The poo episode happened one day when Aunt Chris and my dad were building a fort in the woods behind their house. There was a large wooden board in the back yard and my dad wanted to use it for the roof of their fort. There were only two concerns with using the board; first, it was theoretically their dads and so they had to ask his permission before they used it (they were raised to respect their parents), and secondly, Tipper dropped a load on the board one afternoon – in other words there was poo on it. As they worked on their fort Grandma Hand stepped out on the front porch and called, “Chris, Kenny, it’s time for dinner!” When they heard their mother calling them for dinner they dropped what they were doing and ran into the house. They ran upstairs into the bathroom, washed their hands, and came running down the stairs excited to tell their parents about the fort they were building. This night was a special night because Grandpa came home from work early and he was able to eat dinner with them. Most nights Grandpa wasn’t home for dinner and so the kids and Grandma ate dinner in the kitchen but when Grandpa was home they ate in the dining room and they used their best china.

That night Grandma made spaghetti and meatballs for the kids – a meal they all loved - she made liver, onions, and bacon for Grandpa and herself. As soon as Grandpa sat down at the dinner table my dad and Aunt Chris began to tell him about their great fort, “Dad, it’s great you have to come and see it – you’ll be so proud of us. We found a lot of wood and nails in the woods, we used them to build our fort, and we’re already almost done with it.” Grandpa must have had a long day at work because he wasn’t his normal funny, talkative self but the kids didn’t really notice – they were too busy telling him about their fort. He just said, “That’s good kids.” My dad continued on, “Dad, we can be done with our fort by tomorrow but we need a roof. There’s a big piece of wood in the back yard and before we use it we thought we should ask you first.” My dad was so proud of himself for being so responsible – he didn’t just take the board, he asked for it first.
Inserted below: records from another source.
lemma avoids_below_Suc:
  assumes k: "k \<in> P" and v: "v \<in> V"
  shows "avoids_below (Suc k) v \<longleftrightarrow> avoids_below k v \<and> v k \<notin> blocked k v"
proof -
  have smooth_Suc: "(\<forall>p\<in>prime_factors n. p < Suc k) \<longleftrightarrow>
      (\<forall>p\<in>prime_factors n. p < k) \<or> n \<in> lpf_class k" if "n \<in> {1..q-1}" for n
    using that unfolding lpf_class_def by (auto simp: less_Suc_eq_le order.order_iff_strict)
  have "avoids_below (Suc k) v \<longleftrightarrow> (\<forall>n\<in>{1..q-1}.
      ((\<forall>p\<in>prime_factors n. p < k) \<or> n \<in> lpf_class k) \<longrightarrow> Lform q n v \<noteq> x0)"
    unfolding avoids_below_def using smooth_Suc by blast
  also have "\<dots> \<longleftrightarrow> avoids_below k v \<and> (\<forall>n\<in>lpf_class k. Lform q n v \<noteq> x0)"
    using lpf_class_subset[of k] unfolding avoids_below_def by blast
  also have "(\<forall>n\<in>lpf_class k. Lform q n v \<noteq> x0) \<longleftrightarrow> v k \<notin> blocked k v"
    using v k unfolding V_def blocked_def by auto
  finally show ?thesis .
qed

lemma avoids_below_Suc_nonprime:
  assumes "\<not> prime k"
  shows "avoids_below (Suc k) v = avoids_below k v"
proof -
  have "(\<forall>p\<in>prime_factors n. p < Suc k) = (\<forall>p\<in>prime_factors n. p < k)" for n :: nat
    using assms by (auto simp: in_prime_factors_iff less_Suc_eq)
  thus ?thesis unfolding avoids_below_def by simp
qed

lemma survivors_Suc:
  assumes k: "k \<in> P"
  shows "survivors (Suc k) * q = (\<Sum>v\<in>V. if avoids_below k v then q - card (blocked k v) else 0)"
proof -
  define S where "S v = (if avoids_below k v then {0..<q} - blocked k v else {})" for v
  have "prime k" using k by (simp add: primes_below_def)
  hence "card {v \<in> V. v k \<in> S v} * card {0..<q} = (\<Sum>v\<in>V. card (S v))"
    unfolding V_def using finite_P k
    by (intro card_PiE_coordinate_in_fibre) (auto simp: S_def avoids_below_update blocked_def)
  moreover have "{v \<in> V. v k \<in> S v} = {v \<in> V. avoids_below (Suc k) v}"
    using avoids_below_Suc[OF k] V_def k by (auto simp: S_def PiE_iff)
  moreover have "card (S v) = (if avoids_below k v then q - card (blocked k v) else 0)" for v
  proof -
    have "blocked k v \<subseteq> {0..<q}" unfolding blocked_def by auto
    hence "card ({0..<q} - blocked k v) = q - card (blocked k v)"
      by (simp add: card_Diff_subset finite_subset)
    thus ?thesis by (simp add: S_def)
  qed
  ultimately show ?thesis by simp
qed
What a well mannered boy he was! He continued on, “So can we use it dad, can we use it? The only thing that’s wrong with it is it has some poo on it.” Oh my gosh, this was the wrong thing to say. Grandpa threw his fork down, pushed his chair away from the table and screamed, “I can’t believe it! I can’t believe you are talking about poo at the dinner table! How can I eat my dinner with you talking about poo?” He got up and stormed away from the dining room table!

My dad sat there dumbstruck with his eyes wide open, his chin quivering, and his stomach in a knot. He thought to himself, “I didn’t know I wasn’t allowed to talk about poo, I talk about it all the time. ‘Mom, I have to go poo.’, ‘Mom, my stomach hurts I just went loose poo.’ ‘Ma, Patricia went poo – she needs her diaper changed.’ ‘Mom, I wiped my bottom but my finger went through the toilet paper and I have poo on my finger’. He talked about poo more than he talked about food – he didn’t know poo was bad – how could something with such a nice name be so bad? The name was so nice they sometimes said it twice – they referred to it as poo poo – why couldn't he use this word at the dinner table? After this episode my dad became extremely self conscience and second guessed everything he said, I mean, he didn’t know what subjects were ok and what subjects were taboo? To be 100% sure he didn’t upset his father again he immediately took all other bodily functions out of his vocabulary – he no longer talked about pee, snots, boogers, puking, spitting, and farting? He considered taking other words out of his vocabulary like, underwear, bras, panty liners, and toilet paper – but he wasn’t sure – oh the pain he must have felt! To make things worse he was reminded of this horrible experience everyday – in the morning after the paperwork was done, he turned around, flushed, and watched his poo twirl down the toilet bowl…with his tears following close behind...."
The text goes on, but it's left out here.